Stored data
(* In the setting of the context, suppose that $\mathcal{Q}$ satisfies Condition I (for all $i\in\{1,\dots,d\}$ and all $Z\in\mathcal{Q}$, $ZR^i\in L^1$), that $\Pi^\rho_0=\{\mathbf{0}\}$, and that $\tilde{\mathcal{Q}}_{\max}\ne\emptyset$. Then the following are equivalent: (a) the market does not admit $\rho$-arbitrage; (b) $\tilde{\mathcal{Q}}\cap\mathcal{P}\ne\emptyset$ for some nonempty $\tilde{\mathcal{Q}}\subset\mathcal{Q}$ satisfying Conditions POS, MIX and INT; (c) $\tilde{\mathcal{Q}}\cap\mathcal{P}\ne\emptyset$ for all nonempty $\tilde{\mathcal{Q}}\subset\mathcal{Q}$ satisfying Conditions POS, MIX and INT.
   Context: Let $(\Omega,\mathcal{F},\mathbb{P})$ be a probability space and a market: riskless asset $S^0_0=1$, $S^0_1=1+r$, $r>-1$; risky assets $S^1,\dots,S^d$ with constants $S^i_0>0$ and real-valued $\mathcal{F}$-measurable $S^i_1$; returns $R^i:=(S^i_1-S^i_0)/S^i_0$. Standing assumptions: nonredundancy (if $\theta\in\mathbb{R}^{1+d}$ with $\sum_{i=0}^d\theta^iS^i_t=0$ a.s. for $t\in\{0,1\}$ then $\theta=0$), $R^i\in L^1$, $\mathbb{E}[R^i]\ne r$ for some $i$. Excess return of $\pi\in\mathbb{R}^d$: $X_\pi:=\pi\cdot(R-r\mathbf{1})$; $\Pi_0:=\{\pi:\mathbb{E}[X_\pi]=0\}$; $\Pi^\rho_0$ is the set of $\pi\in\Pi_0$ with $\rho(X_\pi)<\infty$ and $\rho(X_\pi)\le\rho(X_{\pi'})$ for all $\pi'\in\Pi_0$. $L$ is a Riesz space with $L^\infty\subset L\subset L^1$ containing all $X_\pi$. $\mathcal{D}:=\{Z\in L^1:Z\ge0 \text{ a.s.},\mathbb{E}[Z]=1\}$; $\mathcal{Q}\subset\mathcal{D}$ is convex with $1\in\mathcal{Q}$ and $\rho(X)=\sup_{Z\in\mathcal{Q}}\mathbb{E}[-ZX]$ on $L$, with $\mathbb{E}[-ZX]:=\mathbb{E}[ZX^-]-\mathbb{E}[ZX^+]$ and $\mathbb{E}[-ZX]=\infty$ if $\mathbb{E}[ZX^-]=\infty$. $\mathcal{M}:=\{Z\in\mathcal{D}:\mathbb{E}[Z(R^i-r)]=0\ \forall i\}$, $\mathcal{P}:=\{Z\in\mathcal{M}:Z>0 \text{ a.s.}\}$. For $\tilde{\mathcal{Q}}\subset\mathcal{Q}$: POS: every $\tilde Z\in\tilde{\mathcal{Q}}$ satisfies $\tilde Z>0$ a.s.; MIX: $\lambda Z+(1-\lambda)\tilde Z\in\tilde{\mathcal{Q}}$ for all $Z\in\mathcal{Q}$, $\tilde Z\in\tilde{\mathcal{Q}}$, $\lambda\in(0,1)$; INT: for every $\tilde Z\in\tilde{\mathcal{Q}}$ there is an $L^\infty$-dense subset $\mathcal{E}$ of $\mathcal{D}\cap L^\infty$ such that for every $Z\in\mathcal{E}$ there is $\lambda\in(0,1)$ with $\lambda Z+(1-\lambda)\tilde Z\in\mathcal{Q}$. $\tilde{\mathcal{Q}}_{\max}$ is the set of $\tilde Z\in\mathcal{Q}$ with $\tilde Z>0$ a.s. for which there is an $L^\infty$-dense subset $\mathcal{E}$ of $\mathcal{D}\cap L^\infty$ such that for every $Z\in\mathcal{E}$ there is $\lambda\in(0,1)$ with $\lambda Z+(1-\lambda)\tilde Z\in\mathcal{Q}$. Strictly $\rho$-preferred, $\rho$-efficient: $\pi$ is $\rho$-efficient if $\mathbb{E}[X_\pi]\ge0$ and there is no $\pi'$ with $\mathbb{E}[X_{\pi'}]\ge\mathbb{E}[X_\pi]$, $\rho(X_{\pi'})\le\rho(X_\pi)$, one inequality strict. $\rho$-arbitrage: no $\rho$-efficient portfolio exists. *)

theory Defs
  imports "HOL-Probability.Probability"
begin

text \<open>One-period market. The risky assets are indexed by a finite type 'n (so d = CARD('n)).
  S0 i = S^i_0 (constants), S1 i = S^i_1 (random variables), r the riskless rate.\<close>

definition ret :: "('n \<Rightarrow> real) \<Rightarrow> ('n \<Rightarrow> 'a \<Rightarrow> real) \<Rightarrow> 'n \<Rightarrow> 'a \<Rightarrow> real" where
  "ret S0 S1 i \<omega> = (S1 i \<omega> - S0 i) / S0 i"
text \<open>Encoding \<open>(W, i)\<close> by \<open>(W \<union> T, (T, i))\<close> costs a factor \<open>\<rho>^t\<close> in weight, and there are
  few decodings of any given \<open>W \<union> T\<close>.\<close>

lemma expected_min_remainder_count:
  assumes finU: "finite U" and finI: "finite I"
    and A: "\<And>i. i \<in> I \<Longrightarrow> A i \<subseteq> U \<and> card (A i) \<le> a"
    and spread: "\<And>Z. Z \<noteq> {} \<Longrightarrow> real (card {i\<in>I. Z \<subseteq> A i}) \<le> M / r ^ card Z"
    and "0 \<le> M" "0 < r" and \<rho>: "0 < \<rho>" "\<rho> \<le> 1" and "0 < t"
  shows "binomial_expectation \<rho> U (\<lambda>W. real (card {i\<in>I. min_remainder I A W i = t}))
       \<le> 2 ^ a * M / (\<rho> * r) ^ t"
proof -
  let ?w = "binomial_weight \<rho> U" and ?F = "remainder_code I A"
  define P where "P = Sigma (Pow U) (\<lambda>W. {i\<in>I. min_remainder I A W i = t})"
  define Q where "Q = Sigma (Pow U) (decodings I A t)"
  have finA: "finite (A i)" if "i \<in> I" for i using A[OF that] finU finite_subset by blast
  have inj: "inj_on ?F P"
    using inj_on_remainder_code[OF finI] by (rule inj_on_subset) (auto simp: P_def)
  have "?F ` P \<subseteq> Q"
  proof (rule image_subsetI)
    fix p assume "p \<in> P"
    then obtain W i where p: "p = (W, i)" "W \<subseteq> U" "i \<in> I" "min_remainder I A W i = t"
      unfolding P_def by auto
    then show "?F p \<in> Q"
      using remainder_code_in_decodings[where A = A, OF finI p(3) p(2) _ finA[OF p(3)]] A[OF p(3)]
      unfolding Q_def by simp
  qed
  have shift: "?w (fst p) \<le> ?w (fst (?F p)) / \<rho> ^ t" if "p \<in> P" for p
  proof -
    obtain W i where p: "p = (W, i)" "W \<subseteq> U" "i \<in> I" "min_remainder I A W i = t"
      using \<open>p \<in> P\<close> unfolding P_def by auto
    then show ?thesis
      using binomial_weight_le_union[OF finU p(2) _ _ \<rho>, of "reduced_member I A W i"] A[OF p(3)]
        reduced_member_props(3,4)[OF finI p(3), where A = A and W = W]
        min_remainder_index_props(2)[OF finI p(3), where A = A and W = W]
      unfolding remainder_code_def by auto
  qed
  have "binomial_expectation \<rho> U (\<lambda>W. real (card {i\<in>I. min_remainder I A W i = t}))
      = (\<Sum>p\<in>P. ?w (fst p))"
    unfolding P_def using finU finI by (intro binomial_expectation_card) auto
  also have "\<dots> \<le> (\<Sum>p\<in>P. ?w (fst (?F p)) / \<rho> ^ t)"
    using shift by (intro sum_mono) auto
  also have "\<dots> = (\<Sum>q\<in>?F ` P. ?w (fst q)) / \<rho> ^ t"
    by (simp add: sum_divide_distrib sum.reindex[OF inj])
  also have "\<dots> \<le> (\<Sum>q\<in>Q. ?w (fst q)) / \<rho> ^ t"
    using \<open>?F ` P \<subseteq> Q\<close> finU finI finA \<rho>
    by (intro divide_right_mono sum_mono2 binomial_weight_nonneg)
      (auto simp: Q_def finite_decodings)
  also have "(\<Sum>q\<in>Q. ?w (fst q)) = binomial_expectation \<rho> U (\<lambda>Z. real (card (decodings I A t Z)))"
    unfolding Q_def using finU finI finA
    by (intro binomial_expectation_card[symmetric]) (auto simp: finite_decodings)
  also have "\<dots> / \<rho> ^ t \<le> binomial_expectation \<rho> U (\<lambda>_. 2 ^ a * M / r ^ t) / \<rho> ^ t"
    using assms finA
    by (intro divide_right_mono binomial_expectation_mono card_decodings_le) auto
  also have "\<dots> = 2 ^ a * M / (\<rho> * r) ^ t"
    using finU by (simp add: binomial_expectation_const power_mult_distrib mult.commute)
  finally show ?thesis .
qed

**EXERCISE**
Give the number of lines containing "define" in the entries, and no other text.

**THE ANSWER**
2